Problem to work on = Whenever the string "False" turns up in a line below, that line should be copied.

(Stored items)
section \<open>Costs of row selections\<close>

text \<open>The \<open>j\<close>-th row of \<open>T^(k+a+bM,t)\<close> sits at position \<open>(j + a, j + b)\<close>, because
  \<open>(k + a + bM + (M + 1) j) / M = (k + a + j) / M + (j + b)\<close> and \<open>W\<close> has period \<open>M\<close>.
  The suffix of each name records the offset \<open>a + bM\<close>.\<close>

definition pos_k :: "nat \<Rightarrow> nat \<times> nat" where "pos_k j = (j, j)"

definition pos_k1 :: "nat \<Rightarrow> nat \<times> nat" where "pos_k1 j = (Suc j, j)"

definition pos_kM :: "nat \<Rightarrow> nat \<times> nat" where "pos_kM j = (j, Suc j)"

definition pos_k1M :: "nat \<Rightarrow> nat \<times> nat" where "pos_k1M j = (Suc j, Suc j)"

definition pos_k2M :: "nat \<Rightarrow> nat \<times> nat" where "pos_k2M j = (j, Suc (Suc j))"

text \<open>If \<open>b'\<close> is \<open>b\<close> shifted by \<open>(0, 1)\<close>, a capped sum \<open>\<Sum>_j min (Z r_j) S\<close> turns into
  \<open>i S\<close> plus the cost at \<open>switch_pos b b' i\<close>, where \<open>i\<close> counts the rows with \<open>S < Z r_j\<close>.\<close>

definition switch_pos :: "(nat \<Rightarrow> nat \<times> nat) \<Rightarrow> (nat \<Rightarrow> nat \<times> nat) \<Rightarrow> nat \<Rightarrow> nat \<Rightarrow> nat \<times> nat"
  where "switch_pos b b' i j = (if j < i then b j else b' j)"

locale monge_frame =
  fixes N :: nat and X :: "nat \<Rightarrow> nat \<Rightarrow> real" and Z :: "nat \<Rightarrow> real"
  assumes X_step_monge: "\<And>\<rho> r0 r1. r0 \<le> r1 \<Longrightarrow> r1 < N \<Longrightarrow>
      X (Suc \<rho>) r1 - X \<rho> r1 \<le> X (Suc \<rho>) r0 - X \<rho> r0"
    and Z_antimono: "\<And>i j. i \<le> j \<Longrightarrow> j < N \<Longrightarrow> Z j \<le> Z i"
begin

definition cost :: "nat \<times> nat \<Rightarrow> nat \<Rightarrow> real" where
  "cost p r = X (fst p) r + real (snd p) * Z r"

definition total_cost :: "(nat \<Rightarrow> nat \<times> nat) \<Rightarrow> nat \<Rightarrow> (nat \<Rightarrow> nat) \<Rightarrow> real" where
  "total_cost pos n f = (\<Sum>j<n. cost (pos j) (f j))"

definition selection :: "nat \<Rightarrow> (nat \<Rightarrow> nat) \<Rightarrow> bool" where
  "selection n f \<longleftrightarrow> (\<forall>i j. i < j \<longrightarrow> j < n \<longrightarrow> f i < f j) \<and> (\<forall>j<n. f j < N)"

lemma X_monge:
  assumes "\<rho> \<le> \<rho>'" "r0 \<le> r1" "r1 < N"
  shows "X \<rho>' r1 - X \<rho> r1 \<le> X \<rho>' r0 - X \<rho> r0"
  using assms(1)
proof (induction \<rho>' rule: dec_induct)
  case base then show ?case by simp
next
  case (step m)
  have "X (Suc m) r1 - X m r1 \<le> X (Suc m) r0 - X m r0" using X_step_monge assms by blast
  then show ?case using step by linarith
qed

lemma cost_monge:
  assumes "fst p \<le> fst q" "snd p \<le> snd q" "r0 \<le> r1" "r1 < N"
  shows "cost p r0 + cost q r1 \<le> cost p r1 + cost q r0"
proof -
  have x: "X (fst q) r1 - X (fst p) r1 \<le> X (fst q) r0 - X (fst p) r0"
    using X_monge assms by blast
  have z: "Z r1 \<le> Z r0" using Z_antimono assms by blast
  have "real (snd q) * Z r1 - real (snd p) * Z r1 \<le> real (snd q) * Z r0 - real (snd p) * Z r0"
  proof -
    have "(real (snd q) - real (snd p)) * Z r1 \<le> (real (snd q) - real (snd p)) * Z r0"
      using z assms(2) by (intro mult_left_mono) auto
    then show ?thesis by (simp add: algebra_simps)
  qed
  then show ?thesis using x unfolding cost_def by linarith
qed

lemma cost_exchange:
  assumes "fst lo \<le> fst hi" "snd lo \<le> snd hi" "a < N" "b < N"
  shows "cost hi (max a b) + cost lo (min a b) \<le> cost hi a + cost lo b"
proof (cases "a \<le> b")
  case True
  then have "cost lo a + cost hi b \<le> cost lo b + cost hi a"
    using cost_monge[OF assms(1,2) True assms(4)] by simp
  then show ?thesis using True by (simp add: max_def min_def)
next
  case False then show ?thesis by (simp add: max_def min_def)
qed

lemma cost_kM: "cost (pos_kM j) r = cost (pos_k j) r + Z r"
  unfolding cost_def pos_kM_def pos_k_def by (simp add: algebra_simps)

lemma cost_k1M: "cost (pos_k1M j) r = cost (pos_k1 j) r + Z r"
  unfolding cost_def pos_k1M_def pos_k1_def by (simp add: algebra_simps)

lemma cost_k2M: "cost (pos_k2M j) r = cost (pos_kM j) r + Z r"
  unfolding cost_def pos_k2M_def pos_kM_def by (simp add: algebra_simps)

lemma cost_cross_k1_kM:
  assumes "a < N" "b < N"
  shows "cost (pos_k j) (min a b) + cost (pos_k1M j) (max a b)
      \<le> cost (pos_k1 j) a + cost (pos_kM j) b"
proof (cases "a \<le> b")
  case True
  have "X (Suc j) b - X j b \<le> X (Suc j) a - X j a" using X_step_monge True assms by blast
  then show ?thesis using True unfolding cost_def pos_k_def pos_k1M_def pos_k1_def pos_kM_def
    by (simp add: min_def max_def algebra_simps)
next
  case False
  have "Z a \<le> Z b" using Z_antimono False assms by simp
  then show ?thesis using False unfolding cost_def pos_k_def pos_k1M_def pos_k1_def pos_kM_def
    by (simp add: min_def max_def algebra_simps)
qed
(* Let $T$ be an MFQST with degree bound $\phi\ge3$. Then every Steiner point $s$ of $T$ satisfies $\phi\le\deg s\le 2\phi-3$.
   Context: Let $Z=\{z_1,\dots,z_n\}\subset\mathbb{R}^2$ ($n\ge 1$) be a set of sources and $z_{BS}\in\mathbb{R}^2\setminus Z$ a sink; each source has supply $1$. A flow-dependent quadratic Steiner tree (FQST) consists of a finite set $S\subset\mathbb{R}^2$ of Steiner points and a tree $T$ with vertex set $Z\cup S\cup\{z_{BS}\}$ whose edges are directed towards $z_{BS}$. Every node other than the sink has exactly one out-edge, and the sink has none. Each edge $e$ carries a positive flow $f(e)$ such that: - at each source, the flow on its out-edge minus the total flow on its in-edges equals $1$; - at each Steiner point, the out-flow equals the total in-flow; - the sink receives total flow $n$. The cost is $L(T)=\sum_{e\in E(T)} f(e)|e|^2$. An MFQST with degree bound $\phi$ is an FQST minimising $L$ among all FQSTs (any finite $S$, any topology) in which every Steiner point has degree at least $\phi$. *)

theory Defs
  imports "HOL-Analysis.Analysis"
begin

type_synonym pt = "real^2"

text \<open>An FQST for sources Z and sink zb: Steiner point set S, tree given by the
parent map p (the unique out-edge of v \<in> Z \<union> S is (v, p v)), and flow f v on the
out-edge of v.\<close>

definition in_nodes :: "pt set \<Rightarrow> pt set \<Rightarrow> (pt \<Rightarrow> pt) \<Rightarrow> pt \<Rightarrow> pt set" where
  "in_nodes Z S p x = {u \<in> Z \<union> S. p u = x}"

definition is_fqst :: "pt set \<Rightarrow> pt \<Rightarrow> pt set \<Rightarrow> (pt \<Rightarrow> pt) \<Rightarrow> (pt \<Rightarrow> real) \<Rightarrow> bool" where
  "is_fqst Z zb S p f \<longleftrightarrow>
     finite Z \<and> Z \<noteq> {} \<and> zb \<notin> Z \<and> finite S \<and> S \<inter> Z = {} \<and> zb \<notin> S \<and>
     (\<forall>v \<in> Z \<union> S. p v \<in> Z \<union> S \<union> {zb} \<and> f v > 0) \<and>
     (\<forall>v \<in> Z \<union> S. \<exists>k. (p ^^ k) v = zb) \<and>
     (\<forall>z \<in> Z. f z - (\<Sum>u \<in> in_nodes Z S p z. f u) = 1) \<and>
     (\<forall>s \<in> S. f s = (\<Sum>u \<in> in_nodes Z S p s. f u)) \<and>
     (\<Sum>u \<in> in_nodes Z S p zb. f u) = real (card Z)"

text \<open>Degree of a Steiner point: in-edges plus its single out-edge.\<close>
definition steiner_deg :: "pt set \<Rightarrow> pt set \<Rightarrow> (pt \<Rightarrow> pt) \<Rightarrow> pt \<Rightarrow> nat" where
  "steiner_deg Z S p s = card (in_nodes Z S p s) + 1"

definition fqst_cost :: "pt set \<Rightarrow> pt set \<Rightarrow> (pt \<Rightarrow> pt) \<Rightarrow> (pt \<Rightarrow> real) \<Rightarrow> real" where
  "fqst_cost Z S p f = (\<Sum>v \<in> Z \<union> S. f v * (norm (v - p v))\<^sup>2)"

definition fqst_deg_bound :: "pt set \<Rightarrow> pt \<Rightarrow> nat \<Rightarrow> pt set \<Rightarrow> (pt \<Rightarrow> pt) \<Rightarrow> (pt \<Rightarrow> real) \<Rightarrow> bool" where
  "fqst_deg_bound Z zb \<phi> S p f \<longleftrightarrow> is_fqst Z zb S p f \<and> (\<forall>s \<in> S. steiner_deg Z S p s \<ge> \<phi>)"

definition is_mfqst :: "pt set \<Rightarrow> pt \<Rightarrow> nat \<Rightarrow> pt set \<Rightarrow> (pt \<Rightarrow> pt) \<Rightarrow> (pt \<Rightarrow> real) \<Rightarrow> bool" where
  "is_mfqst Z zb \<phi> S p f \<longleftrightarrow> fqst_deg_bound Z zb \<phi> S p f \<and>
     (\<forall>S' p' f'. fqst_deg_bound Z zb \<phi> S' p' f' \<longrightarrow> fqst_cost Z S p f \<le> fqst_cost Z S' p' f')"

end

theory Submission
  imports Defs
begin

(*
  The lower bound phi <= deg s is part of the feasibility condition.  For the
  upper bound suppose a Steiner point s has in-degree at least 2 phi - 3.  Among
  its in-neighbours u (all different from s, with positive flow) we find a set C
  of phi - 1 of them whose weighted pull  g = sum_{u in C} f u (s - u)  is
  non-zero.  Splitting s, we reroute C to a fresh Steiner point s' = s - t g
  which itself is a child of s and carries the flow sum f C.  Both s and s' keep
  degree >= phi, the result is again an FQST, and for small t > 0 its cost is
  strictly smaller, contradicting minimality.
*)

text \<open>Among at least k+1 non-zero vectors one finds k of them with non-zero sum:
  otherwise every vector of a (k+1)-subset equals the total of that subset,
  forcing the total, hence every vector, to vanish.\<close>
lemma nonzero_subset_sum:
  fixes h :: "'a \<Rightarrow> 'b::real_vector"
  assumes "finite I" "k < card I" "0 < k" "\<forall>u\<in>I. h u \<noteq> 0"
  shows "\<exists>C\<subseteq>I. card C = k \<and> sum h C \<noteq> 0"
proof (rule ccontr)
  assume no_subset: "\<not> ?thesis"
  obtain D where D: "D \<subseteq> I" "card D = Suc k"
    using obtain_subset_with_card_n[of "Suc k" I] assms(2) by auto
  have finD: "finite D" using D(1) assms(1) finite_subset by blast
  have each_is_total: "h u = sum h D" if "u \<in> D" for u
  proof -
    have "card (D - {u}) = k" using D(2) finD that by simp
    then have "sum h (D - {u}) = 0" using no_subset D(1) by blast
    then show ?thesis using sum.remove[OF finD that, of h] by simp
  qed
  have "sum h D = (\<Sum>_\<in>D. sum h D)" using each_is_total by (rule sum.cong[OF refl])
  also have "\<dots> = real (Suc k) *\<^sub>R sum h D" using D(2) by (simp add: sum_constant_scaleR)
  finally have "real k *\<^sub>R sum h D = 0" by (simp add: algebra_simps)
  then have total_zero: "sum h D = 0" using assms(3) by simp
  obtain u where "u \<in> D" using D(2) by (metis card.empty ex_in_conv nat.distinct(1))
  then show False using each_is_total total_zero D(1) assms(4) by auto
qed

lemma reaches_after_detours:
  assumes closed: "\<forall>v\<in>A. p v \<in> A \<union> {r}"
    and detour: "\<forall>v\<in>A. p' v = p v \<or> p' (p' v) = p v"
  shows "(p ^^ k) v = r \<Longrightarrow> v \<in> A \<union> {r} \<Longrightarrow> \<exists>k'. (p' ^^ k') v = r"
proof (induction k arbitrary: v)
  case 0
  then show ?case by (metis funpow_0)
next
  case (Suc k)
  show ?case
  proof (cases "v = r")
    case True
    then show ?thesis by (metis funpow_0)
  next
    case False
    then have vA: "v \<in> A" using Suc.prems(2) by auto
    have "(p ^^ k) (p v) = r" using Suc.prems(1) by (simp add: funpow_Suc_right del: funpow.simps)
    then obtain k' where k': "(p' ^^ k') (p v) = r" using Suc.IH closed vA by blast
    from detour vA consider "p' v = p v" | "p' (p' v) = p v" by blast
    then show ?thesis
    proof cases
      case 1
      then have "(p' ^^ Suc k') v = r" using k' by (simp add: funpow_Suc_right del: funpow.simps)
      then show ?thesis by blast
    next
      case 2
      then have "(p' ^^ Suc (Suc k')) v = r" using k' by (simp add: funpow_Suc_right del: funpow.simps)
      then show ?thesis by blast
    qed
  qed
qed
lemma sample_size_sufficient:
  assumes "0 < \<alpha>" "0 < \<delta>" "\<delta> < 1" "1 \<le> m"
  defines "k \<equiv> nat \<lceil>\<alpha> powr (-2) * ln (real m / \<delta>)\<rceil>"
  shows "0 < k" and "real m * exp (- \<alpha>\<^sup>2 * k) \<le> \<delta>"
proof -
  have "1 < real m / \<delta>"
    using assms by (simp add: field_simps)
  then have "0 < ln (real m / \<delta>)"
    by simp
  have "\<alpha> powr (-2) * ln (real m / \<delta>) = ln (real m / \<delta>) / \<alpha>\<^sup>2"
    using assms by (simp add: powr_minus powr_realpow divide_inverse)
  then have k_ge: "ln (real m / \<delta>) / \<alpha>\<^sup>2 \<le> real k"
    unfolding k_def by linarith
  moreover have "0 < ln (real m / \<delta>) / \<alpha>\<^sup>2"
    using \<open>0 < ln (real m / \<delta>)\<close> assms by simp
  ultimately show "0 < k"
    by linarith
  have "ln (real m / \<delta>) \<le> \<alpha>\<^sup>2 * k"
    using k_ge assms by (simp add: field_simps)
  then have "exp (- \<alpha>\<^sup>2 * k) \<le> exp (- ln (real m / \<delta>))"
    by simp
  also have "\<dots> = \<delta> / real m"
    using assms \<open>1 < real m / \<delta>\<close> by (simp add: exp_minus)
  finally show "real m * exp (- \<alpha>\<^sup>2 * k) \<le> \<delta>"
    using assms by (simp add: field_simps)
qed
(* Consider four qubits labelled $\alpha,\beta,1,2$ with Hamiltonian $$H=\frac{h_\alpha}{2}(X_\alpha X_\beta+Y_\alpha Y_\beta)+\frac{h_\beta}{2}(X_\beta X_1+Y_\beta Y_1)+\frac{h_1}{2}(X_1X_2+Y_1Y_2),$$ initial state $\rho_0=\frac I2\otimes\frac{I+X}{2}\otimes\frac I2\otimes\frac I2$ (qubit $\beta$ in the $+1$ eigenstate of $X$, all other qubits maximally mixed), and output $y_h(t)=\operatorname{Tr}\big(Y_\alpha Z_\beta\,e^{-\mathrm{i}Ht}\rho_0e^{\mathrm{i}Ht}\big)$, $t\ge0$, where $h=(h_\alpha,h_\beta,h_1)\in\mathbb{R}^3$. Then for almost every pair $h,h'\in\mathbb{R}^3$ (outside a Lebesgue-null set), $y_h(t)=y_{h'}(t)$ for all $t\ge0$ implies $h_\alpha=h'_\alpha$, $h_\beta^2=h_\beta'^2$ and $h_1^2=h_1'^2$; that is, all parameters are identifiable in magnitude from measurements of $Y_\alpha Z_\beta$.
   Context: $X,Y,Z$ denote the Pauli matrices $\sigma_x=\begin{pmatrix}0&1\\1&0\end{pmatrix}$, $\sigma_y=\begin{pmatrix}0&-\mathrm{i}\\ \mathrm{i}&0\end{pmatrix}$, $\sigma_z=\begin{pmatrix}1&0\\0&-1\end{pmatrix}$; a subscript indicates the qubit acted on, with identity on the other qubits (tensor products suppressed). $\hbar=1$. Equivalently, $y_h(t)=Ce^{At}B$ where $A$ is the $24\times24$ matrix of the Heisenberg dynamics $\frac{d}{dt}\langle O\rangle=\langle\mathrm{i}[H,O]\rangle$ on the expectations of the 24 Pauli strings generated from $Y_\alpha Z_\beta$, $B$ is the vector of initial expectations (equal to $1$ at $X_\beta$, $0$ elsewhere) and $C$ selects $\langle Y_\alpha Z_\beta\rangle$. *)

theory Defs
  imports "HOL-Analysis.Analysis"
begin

Solution to this problem =
  case False then show ?thesis by (simp add: max_def min_def)
  case False
  have "Z a \<le> Z b" using Z_antimono False assms by simp
  then show ?thesis using False unfolding cost_def pos_k_def pos_k1M_def pos_k1_def pos_kM_def
  then show False using each_is_total total_zero D(1) assms(4) by auto
    case False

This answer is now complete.